The fluid cracking catalyst compositions can be made in various ways. In some embodiments, the rare earth component is present in the Y-type zeolite; in other embodiments, the rare earth component is added separately from the Y-type zeolite. In some embodiments in which the fluid cracking catalyst compositions include a ZSM-5 zeolite, the phosphorus component is present in the ZSM-5 zeolite; in other embodiments, the phosphorus component is added separately from the ZSM-5 zeolite.
The feedstock in the processes of this invention comprise an oxygenated feed comprising at least one oxygenated compound and optionally a hydrocarbon feed. When a hydrocarbon feed is part of the feedstock, the oxygenated feed can be present in any amount, e.g., from about 0.1 wt % to about 99.9 wt % of the feedstock. In some embodiments, the oxygenated feed is about 0.5 wt % or more of the feedstock, usually about 0.5 wt % to about 60 wt % of the feedstock, preferably about 1 wt % to about 50 wt %, more preferably about 3 wt % to about 30 wt %, even more preferably about 3 wt % to about 20 wt %, still more preferably about 3 wt % to about 15 wt %, yet more preferably about 3 wt % to about 10 wt %, of the feedstock.
Another way of expressing the amount of oxygenated feed or oxygenated compound(s) present in the feedstock is as the amount of oxygen present in the feedstock. In terms of oxygen present in the feedstock, the amount of oxygen is about 0.01 wt % or more of the feedstock, usually about 0.01 wt % to about 50 wt % of the feedstock, preferably about 0.1 wt % to about 40 wt %, more preferably about 0.1 wt % to about 25 wt %, even more preferably about 0.1 wt % to about 15 wt %, still more preferably about 0.1 wt % to about 10 wt %, yet more preferably about 0.1 wt % to about 5 wt %, of the feedstock.
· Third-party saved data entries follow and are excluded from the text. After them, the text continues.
theorem tendsto_zero_iff_zero_automaton:
  assumes "L \<subseteq> {w. set w \<subseteq> A}" and "finite (min_states A L)"
    and T_sink: "is_sink A min_delta T"
    and vanish: "\<And>n. g n T = 0"
    and escape: "\<And>Y. Y \<subseteq> {w. set w \<subseteq> A} \<Longrightarrow> Y \<noteq> T \<Longrightarrow> \<exists>v. set v \<subseteq> A \<and> g 0 (lquot v Y) = 1"
  shows "(\<lambda>n. g n L) \<longlonglongrightarrow> 0 \<longleftrightarrow>
    zero_automaton A (min_states A L) min_delta \<and> T \<in> min_states A L"
    (is "_ \<longleftrightarrow> zero_automaton A ?S min_delta \<and> _")
proof -
  have "L \<in> ?S" using min_states_iff[of L A L] by (auto intro: exI[of _ "[]"])
  have closed: "\<And>X v. X \<in> ?S \<Longrightarrow> set v \<subseteq> A \<Longrightarrow> lquot v X \<in> ?S"
    by (rule lquot_in_min_states)
  have T_absorbing: "\<And>v. set v \<subseteq> A \<Longrightarrow> lquot v T = T"
    by (rule lquot_sink[OF T_sink])
  show ?thesis
  proof
    assume lim: "(\<lambda>n. g n L) \<longlonglongrightarrow> 0"
    have reach: "\<exists>v. set v \<subseteq> A \<and> lquot v X = T" if "X \<in> ?S" for X
    proof (rule tendsto_zero_reaches[OF assms(2) closed _ that])
      show "\<exists>v. set v \<subseteq> A \<and> g 0 (lquot v Y) = 1" if "Y \<in> ?S" "Y \<noteq> T" for Y
        using escape min_states_subset_lists[OF assms(1)] that by blast
      obtain u where "set u \<subseteq> A" "X = lquot u L"
        using \<open>X \<in> ?S\<close> unfolding min_states_iff by blast
      then show "(\<lambda>n. g n X) \<longlonglongrightarrow> 0" using tendsto_zero_lquot[OF lim] by simp
    qed
    obtain v where "set v \<subseteq> A" "lquot v L = T" using reach[OF \<open>L \<in> ?S\<close>] by blast
    then have "T \<in> ?S" using closed[OF \<open>L \<in> ?S\<close>] by blast
    obtain w where "set w \<subseteq> A" "\<forall>X\<in>?S. lquot w X = T"
      using synchronising_word_into_sink[OF assms(2) reach closed T_absorbing] by blast
    then have "synchronising A ?S min_delta w"
      by (simp add: synchronising_def dstar_min_delta)
    then show "zero_automaton A ?S min_delta \<and> T \<in> ?S"
      using T_sink \<open>T \<in> ?S\<close> unfolding zero_automaton_def by blast
  next
    assume "zero_automaton A ?S min_delta \<and> T \<in> ?S"
    then obtain w where w: "synchronising A ?S min_delta w" and "T \<in> ?S"
      unfolding zero_automaton_def by blast
    then have "set w \<subseteq> A" by (simp add: synchronising_def)
    have sync: "lquot w X = T" if "X \<in> ?S" for X
    proof -
      have "lquot w X = lquot w T"
        using w that \<open>T \<in> ?S\<close> unfolding synchronising_def dstar_min_delta by blast
      then show ?thesis using T_absorbing[OF \<open>set w \<subseteq> A\<close>] by simp
    qed
    have "lquot [a] X \<in> ?S" if "X \<in> ?S" "a \<in> A" for X a
      using closed[of X "[a]"] that by simp
    then show "(\<lambda>n. g n L) \<longlonglongrightarrow> 0"
      using tendsto_zero_if_synchronised[OF _ vanish \<open>set w \<subseteq> A\<close> sync \<open>L \<in> ?S\<close>] by blast
  qed
qed

end

lemma lists_is_sink: "is_sink A min_delta {w. set w \<subseteq> A}"
  by (auto simp: is_sink_def min_delta_def)

lemma empty_is_sink: "is_sink A min_delta {}"
  by (simp add: is_sink_def min_delta_def)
Other preferred amounts of oxygen in the feedstock are about 0.1 wt % or more of the feedstock, usually about 0.1 wt % to about 12 wt % of the feedstock, preferably about 0.1 wt % to about 6 wt %, more preferably about 0.1 wt % to about 3 wt %, even more preferably about 0.1 wt % to about 2 wt %, still more preferably about 0.1 wt % to about 1.5 wt %, yet more preferably about 0.1 wt % to about 1 wt %, of the feedstock.
The oxygenated compounds used in the processes of this invention contain at least carbon, hydrogen, and oxygen, and have one or more carbon atoms, one or more hydrogen atoms, and one or more oxygen atoms. Compounds containing only one carbon atom can be used; compounds containing only one oxygen atom can be used. Usually, there are two or more than one hydrogen atoms present in the oxygenated compound; often there are more than two hydrogen atoms present.
Preferably, the oxygenated compound has an oxygen content of about 5 wt % or more, or about 5 wt % to about 75 wt %. More preferred are oxygenated compounds with a molecular weight of about 30 grams per mole or more and an oxygen content of about 5 wt % or more, preferably about 5 wt % to about 60 wt %.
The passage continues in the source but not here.